'''

(* Let $G$ be a compact Lie group acting continuously on a metrizable space $X$. Then $$\max_{K\lhd G}\ \mathrm{cat}\big((X/K)^{G/K}\big)\ \le\ \mathrm{cat}_G(X),$$ where the maximum is over all closed normal subgroups $K$ of $G$ (not necessarily acting freely), $G/K$ acts on $X/K$ by $(gK)\cdot[x]_K=[gx]_K$, and $(X/K)^{G/K}$ denotes its fixed point set.
   Context: $\mathrm{cat}(Y)$ is the least $k$ such that $Y$ is covered by $k$ open sets each of whose inclusions into $Y$ is null-homotopic. For a $\Gamma$-space $Z$, $\mathrm{cat}_\Gamma(Z)$ is the least $k$ such that $Z$ is covered by $k$ $\Gamma$-invariant open sets $U_j$ such that each inclusion $U_j\hookrightarrow Z$ is $\Gamma$-homotopic to a $\Gamma$-map $c\colon U_j\to Z$ with $c(U_j)$ contained in a single $\Gamma$-orbit. *)

theory Defs
  imports "HOL-Analysis.Analysis" "HOL-Algebra.Group_Action"
begin

definition topological_group :: "('g, 'b) monoid_scheme \<Rightarrow> 'g topology \<Rightarrow> bool" where
  "topological_group G TG \<longleftrightarrow>
     group G \<and> topspace TG = carrier G \<and> Hausdorff_space TG \<and>
     continuous_map (prod_topology TG TG) TG (\<lambda>(a, b). a \<otimes>\<^bsub>G\<^esub> b) \<and>
     continuous_map TG TG (\<lambda>a. inv\<^bsub>G\<^esub> a)"

definition locally_euclidean :: "'a topology \<Rightarrow> bool" where
  "locally_euclidean T \<longleftrightarrow>
     (\<exists>n. \<forall>a\<in>topspace T. \<exists>U V. openin T U \<and> a \<in> U \<and> openin (Euclidean_space n) V \<and>
          subtopology T U homeomorphic_space subtopology (Euclidean_space n) V)"

text \<open>A compact Lie group, rendered as a compact Hausdorff topological group that is a
  (topological) manifold; by Gleason--Montgomery--Zippin this is the same as a compact Lie group.\<close>
definition compact_Lie_group :: "('g, 'b) monoid_scheme \<Rightarrow> 'g topology \<Rightarrow> bool" where
  "compact_Lie_group G TG \<longleftrightarrow>
     topological_group G TG \<and> compact_space TG \<and> locally_euclidean TG"

definition continuous_action ::
  "('g, 'b) monoid_scheme \<Rightarrow> 'g topology \<Rightarrow> 'x topology \<Rightarrow> ('g \<Rightarrow> 'x \<Rightarrow> 'x) \<Rightarrow> bool" where
  "continuous_action G TG X \<phi> \<longleftrightarrow>
     topological_group G TG \<and> group_action G (topspace X) \<phi> \<and>
     continuous_map (prod_topology TG X) X (\<lambda>(g, x). \<phi> g x)"

definition orbit_space_topology ::
  "('g, 'b) monoid_scheme \<Rightarrow> 'x topology \<Rightarrow> ('g \<Rightarrow> 'x \<Rightarrow> 'x) \<Rightarrow> 'x set topology" where
  "orbit_space_topology K X \<phi> =
     topology (\<lambda>\<U>. \<U> \<subseteq> orbits K (topspace X) \<phi> \<and> openin X (\<Union>\<U>))"

text \<open>Fixed point set of the induced G/K action on X/K:
  orbits Q = [x]_K with [g x]_K = [x]_K for all g in G.\<close>
definition quotient_fixed_points ::
  "('g, 'b) monoid_scheme \<Rightarrow> 'g set \<Rightarrow> 'x topology \<Rightarrow> ('g \<Rightarrow> 'x \<Rightarrow> 'x) \<Rightarrow> 'x set set" where
  "quotient_fixed_points G K X \<phi> =
     {Q \<in> orbits (G\<lparr>carrier := K\<rparr>) (topspace X) \<phi>.
        \<forall>g\<in>carrier G. \<forall>x\<in>Q. orbit (G\<lparr>carrier := K\<rparr>) \<phi> (\<phi> g x) = Q}"

definition fixed_point_space ::
  "('g, 'b) monoid_scheme \<Rightarrow> 'g set \<Rightarrow> 'x topology \<Rightarrow> ('g \<Rightarrow> 'x \<Rightarrow> 'x) \<Rightarrow> 'x set topology" where
  "fixed_point_space G K X \<phi> =
     subtopology (orbit_space_topology (G\<lparr>carrier := K\<rparr>) X \<phi>) (quotient_fixed_points G K X \<phi>)"

section \<open>Lusternik--Schnirelmann category (non-normalized) and its equivariant version\<close>

definition LS_cat :: "'a topology \<Rightarrow> enat" where
  "LS_cat Y = Inf {enat k | k. \<exists>U :: nat \<Rightarrow> 'a set.
      (\<forall>i<k. openin Y (U i) \<and>
         (\<exists>c. homotopic_with (\<lambda>_. True) (subtopology Y (U i)) Y id (\<lambda>_. c))) \<and>
      topspace Y \<subseteq> (\<Union>i<k. U i)}"

definition equivariant_cat ::
  "('g, 'b) monoid_scheme \<Rightarrow> 'x topology \<Rightarrow> ('g \<Rightarrow> 'x \<Rightarrow> 'x) \<Rightarrow> enat" where
  "equivariant_cat G Z \<phi> = Inf {enat k | k. \<exists>U :: nat \<Rightarrow> 'x set.
      (\<forall>i<k. openin Z (U i) \<and> (\<forall>g\<in>carrier G. \<forall>x\<in>U i. \<phi> g x \<in> U i) \<and>
         (\<exists>c. homotopic_with
                 (\<lambda>h. \<forall>g\<in>carrier G. \<forall>x\<in>U i. h (\<phi> g x) = \<phi> g (h x))
                 (subtopology Z (U i)) Z id c \<and>
              (\<exists>z\<in>topspace Z. c ` (U i) \<subseteq> orbit G \<phi> z))) \<and>
      topspace Z \<subseteq> (\<Union>i<k. U i)}"

end

theory Submission
  imports Defs
begin

text \<open>Let \<open>U\<close> be a \<open>G\<close>-invariant open set whose inclusion is \<open>G\<close>-homotopic to a map
  \<open>c\<close> into an orbit \<open>G z\<close>. A \<open>G\<close>-equivariant homotopy maps \<open>K\<close>-orbits to \<open>K\<close>-orbits,
  so it descends to a homotopy on \<open>X/K\<close>, which is continuous because the orbit map
  \<open>X \<rightarrow> X/K\<close> is open. The descended homotopy keeps the \<open>G\<close>-fixed \<open>K\<close>-orbits
  fixed, and it ends in the single point \<open>K z\<close>, since every fixed \<open>K\<close>-orbit meeting \<open>G z\<close> is \<open>K z\<close>. Hence a \<open>G\<close>-categorical
  cover of \<open>X\<close> induces a categorical cover of the fixed points of \<open>G/K\<close> in \<open>X/K\<close>.\<close>

lemma open_map_prod_map:
  assumes f: "open_map X X' f" and g: "open_map Y Y' g"
  shows "open_map (prod_topology X Y) (prod_topology X' Y') (\<lambda>(x, y). (f x, g y))"
  unfolding open_map_def
proof (intro allI impI)
  fix W assume "openin (prod_topology X Y) W"
  then have W: "\<And>x y. (x, y) \<in> W \<Longrightarrow>
      \<exists>U V. openin X U \<and> openin Y V \<and> x \<in> U \<and> y \<in> V \<and> U \<times> V \<subseteq> W"
    using openin_prod_topology_alt by metis
  have "\<exists>U' V'. openin X' U' \<and> openin Y' V' \<and> x' \<in> U' \<and> y' \<in> V' \<and>
          U' \<times> V' \<subseteq> (\<lambda>(x, y). (f x, g y)) ` W"
    if image: "(x', y') \<in> (\<lambda>(x, y). (f x, g y)) ` W" for x' y'
  proof -
    obtain x y where "(x, y) \<in> W" "x' = f x" "y' = g y"
      using image by auto
    moreover obtain U V where "openin X U" "openin Y V" "x \<in> U" "y \<in> V" "U \<times> V \<subseteq> W"
      using W[OF calculation(1)] by blast
    moreover have "f ` U \<times> g ` V \<subseteq> (\<lambda>(x, y). (f x, g y)) ` W"
      using \<open>U \<times> V \<subseteq> W\<close> by fast
    moreover have "openin X' (f ` U)" "openin Y' (g ` V)"
      using f g \<open>openin X U\<close> \<open>openin Y V\<close> unfolding open_map_def by blast+
    ultimately show ?thesis
      by blast
  qed
  then show "openin (prod_topology X' Y') ((\<lambda>(x, y). (f x, g y)) ` W)"
    unfolding openin_prod_topology_alt by blast
qed

lemma (in group_action) subgroup_action:
  assumes "subgroup H G"
  shows "group_action (G\<lparr>carrier := H\<rparr>) E \<phi>"
proof -
  interpret hom: group_hom G "BijGroup E" \<phi> by (rule group_hom)
  have "\<phi> \<in> hom (G\<lparr>carrier := H\<rparr>) (BijGroup E)"
    using subgroup.subset[OF assms] by (auto simp: hom_def subsetD)
  then show ?thesis
    unfolding group_action_def group_hom_def group_hom_axioms_def
    using subgroup.subgroup_is_group[OF assms hom.G.is_group] hom.H.is_group by blast
qed

lemma (in group_action) orbit_eq:
  assumes "x \<in> E" and "y \<in> orbit G \<phi> x"
  shows "orbit G \<phi> y = orbit G \<phi> x"
proof -
  have "y \<in> E" using assms orbits_coverture unfolding orbits_def by blast
  then have "y \<in> orbit G \<phi> y \<inter> orbit G \<phi> x" using orbit_refl assms(2) by blast
  moreover have "orbit G \<phi> y \<in> orbits G E \<phi>" "orbit G \<phi> x \<in> orbits G E \<phi>"
    using \<open>y \<in> E\<close> assms(1) unfolding orbits_def by blast+
  ultimately show ?thesis using disjoint_union by blast
qed

locale topological_action = group_action G "topspace X" \<phi>
  for G :: "('g, 'b) monoid_scheme" (structure) and X :: "'x topology" and \<phi> +
  assumes continuous_map_action: "g \<in> carrier G \<Longrightarrow> continuous_map X X (\<phi> g)"

sublocale topological_action \<subseteq> group G
  using group_hom group_hom.axioms(1) by blast

context topological_action
begin

abbreviation orbit_space :: "'x set topology" where
  "orbit_space \<equiv> orbit_space_topology G X \<phi>"

lemma orbit_subset_topspace: "x \<in> topspace X \<Longrightarrow> orbit G \<phi> x \<subseteq> topspace X"
  using orbits_coverture unfolding orbits_def by blast

lemma Union_Int_orbits:
  assumes "S \<subseteq> orbits G (topspace X) \<phi>" and "T \<subseteq> orbits G (topspace X) \<phi>"
  shows "\<Union>(S \<inter> T) = \<Union>S \<inter> \<Union>T"
proof (intro equalityI subsetI)
  fix x assume "x \<in> \<Union>S \<inter> \<Union>T"
  then obtain A B where "A \<in> S" "B \<in> T" "x \<in> A" "x \<in> B" by blast
  moreover have "A = B"
    using disjoint_union[of A B] assms calculation by blast
  ultimately show "x \<in> \<Union>(S \<inter> T)" by blast
qed blast

lemma openin_orbit_space:
  "openin orbit_space W \<longleftrightarrow> W \<subseteq> orbits G (topspace X) \<phi> \<and> openin X (\<Union>W)"
proof -
  let ?open = "\<lambda>W. W \<subseteq> orbits G (topspace X) \<phi> \<and> openin X (\<Union>W)"
  have "?open (S \<inter> T)" if "?open S" and "?open T" for S T
    using that by (metis Union_Int_orbits le_infI1 openin_Int)
  moreover have "?open (\<Union>\<W>)" if "\<forall>W\<in>\<W>. ?open W" for \<W>
  proof -
    have "openin X (\<Union>(Union ` \<W>))"
      using that by (intro openin_Union) blast
    moreover have "\<Union>(\<Union>\<W>) = \<Union>(Union ` \<W>)" by blast
    ultimately show ?thesis using that by auto
  qed
  ultimately have istop: "istopology ?open"
    unfolding istopology_def by blast
  show ?thesis
    unfolding orbit_space_topology_def topology_inverse'[OF istop] ..
qed

lemma topspace_orbit_space: "topspace orbit_space = orbits G (topspace X) \<phi>"
proof (rule subset_antisym)
  show "topspace orbit_space \<subseteq> orbits G (topspace X) \<phi>"
    using openin_orbit_space[of "topspace orbit_space"] by simp
  show "orbits G (topspace X) \<phi> \<subseteq> topspace orbit_space"
    by (rule openin_subset) (simp add: openin_orbit_space orbits_coverture)
qed

lemma action_image_eq_preimage:
  assumes g: "g \<in> carrier G" and U: "U \<subseteq> topspace X"
  shows "\<phi> g ` U = {y \<in> topspace X. \<phi> (inv g) y \<in> U}"
proof (intro equalityI subsetI)
  fix y assume "y \<in> \<phi> g ` U"
  then obtain u where u: "u \<in> U" "\<phi> g u = y" by blast
  then have "\<phi> (inv g) y = u"
    using orbit_sym_aux[OF g] U by blast
  moreover have "y \<in> topspace X"
    using element_image[OF g] u U by blast
  ultimately show "y \<in> {y \<in> topspace X. \<phi> (inv g) y \<in> U}"
    using u by simp
next
  fix y assume y: "y \<in> {y \<in> topspace X. \<phi> (inv g) y \<in> U}"
  have "\<phi> (inv (inv g)) (\<phi> (inv g) y) = y"
    using orbit_sym_aux[OF inv_closed[OF g]] y by blast
  then have "y = \<phi> g (\<phi> (inv g) y)"
    by (simp add: inv_inv[OF g])
  then show "y \<in> \<phi> g ` U"
    using y by blast
qed

lemma openin_action_image:
  assumes g: "g \<in> carrier G" and U: "openin X U"
  shows "openin X (\<phi> g ` U)"
  unfolding action_image_eq_preimage[OF g openin_subset[OF U]]
  using openin_continuous_map_preimage[OF continuous_map_action[OF inv_closed[OF g]] U] .

lemma Union_orbit_image: "\<Union>(orbit G \<phi> ` U) = (\<Union>g\<in>carrier G. \<phi> g ` U)"
proof (intro equalityI subsetI)
  fix y assume "y \<in> \<Union>(orbit G \<phi> ` U)"
  then obtain u g where "u \<in> U" "g \<in> carrier G" "y = \<phi> g u"
    unfolding orbit_def by blast
  then show "y \<in> (\<Union>g\<in>carrier G. \<phi> g ` U)" by blast
next
  fix y assume "y \<in> (\<Union>g\<in>carrier G. \<phi> g ` U)"
  then obtain u g where "u \<in> U" "g \<in> carrier G" "y = \<phi> g u" by blast
  then show "y \<in> \<Union>(orbit G \<phi> ` U)"
    unfolding orbit_def by blast
qed

lemma openin_orbit_saturation: "openin X U \<Longrightarrow> openin X (\<Union>(orbit G \<phi> ` U))"
  unfolding Union_orbit_image by (intro openin_Union) (auto intro: openin_action_image)

lemma orbit_preimage:
  assumes "W \<subseteq> orbits G (topspace X) \<phi>"
  shows "{x \<in> topspace X. orbit G \<phi> x \<in> W} = \<Union>W"
proof (intro equalityI subsetI)
  fix x assume "x \<in> {x \<in> topspace X. orbit G \<phi> x \<in> W}"
  then show "x \<in> \<Union>W" using orbit_refl by blast
next
  fix x assume "x \<in> \<Union>W"
  then obtain y where y: "y \<in> topspace X" "orbit G \<phi> y \<in> W" "x \<in> orbit G \<phi> y"
    using assms unfolding orbits_def by blast
  then have "orbit G \<phi> x = orbit G \<phi> y" using orbit_eq by blast
  then show "x \<in> {x \<in> topspace X. orbit G \<phi> x \<in> W}"
    using y orbit_subset_topspace by auto
qed

lemma continuous_map_orbit: "continuous_map X orbit_space (orbit G \<phi>)"
  unfolding continuous_map_def
proof (intro conjI allI impI)
  show "orbit G \<phi> \<in> topspace X \<rightarrow> topspace orbit_space"
    by (auto simp: topspace_orbit_space orbits_def)
  fix W assume "openin orbit_space W"
  then show "openin X {x \<in> topspace X. orbit G \<phi> x \<in> W}"
    by (simp add: openin_orbit_space orbit_preimage)
qed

'''

## WHAT TO DO:
Your answer must be the lines above from the one containing "V. openin X" to the one containing "interpret hom: group_hom", both included, restated word for word.

## TASK RESULT:
      \<exists>U V. openin X U \<and> openin Y V \<and> x \<in> U \<and> y \<in> V \<and> U \<times> V \<subseteq> W"
    using openin_prod_topology_alt by metis
  have "\<exists>U' V'. openin X' U' \<and> openin Y' V' \<and> x' \<in> U' \<and> y' \<in> V' \<and>
          U' \<times> V' \<subseteq> (\<lambda>(x, y). (f x, g y)) ` W"
    if image: "(x', y') \<in> (\<lambda>(x, y). (f x, g y)) ` W" for x' y'
  proof -
    obtain x y where "(x, y) \<in> W" "x' = f x" "y' = g y"
      using image by auto
    moreover obtain U V where "openin X U" "openin Y V" "x \<in> U" "y \<in> V" "U \<times> V \<subseteq> W"
      using W[OF calculation(1)] by blast
    moreover have "f ` U \<times> g ` V \<subseteq> (\<lambda>(x, y). (f x, g y)) ` W"
      using \<open>U \<times> V \<subseteq> W\<close> by fast
    moreover have "openin X' (f ` U)" "openin Y' (g ` V)"
      using f g \<open>openin X U\<close> \<open>openin Y V\<close> unfolding open_map_def by blast+
    ultimately show ?thesis
      by blast
  qed
  then show "openin (prod_topology X' Y') ((\<lambda>(x, y). (f x, g y)) ` W)"
    unfolding openin_prod_topology_alt by blast
qed

lemma (in group_action) subgroup_action:
  assumes "subgroup H G"
  shows "group_action (G\<lparr>carrier := H\<rparr>) E \<phi>"
proof -
  interpret hom: group_hom G "BijGroup E" \<phi> by (rule group_hom)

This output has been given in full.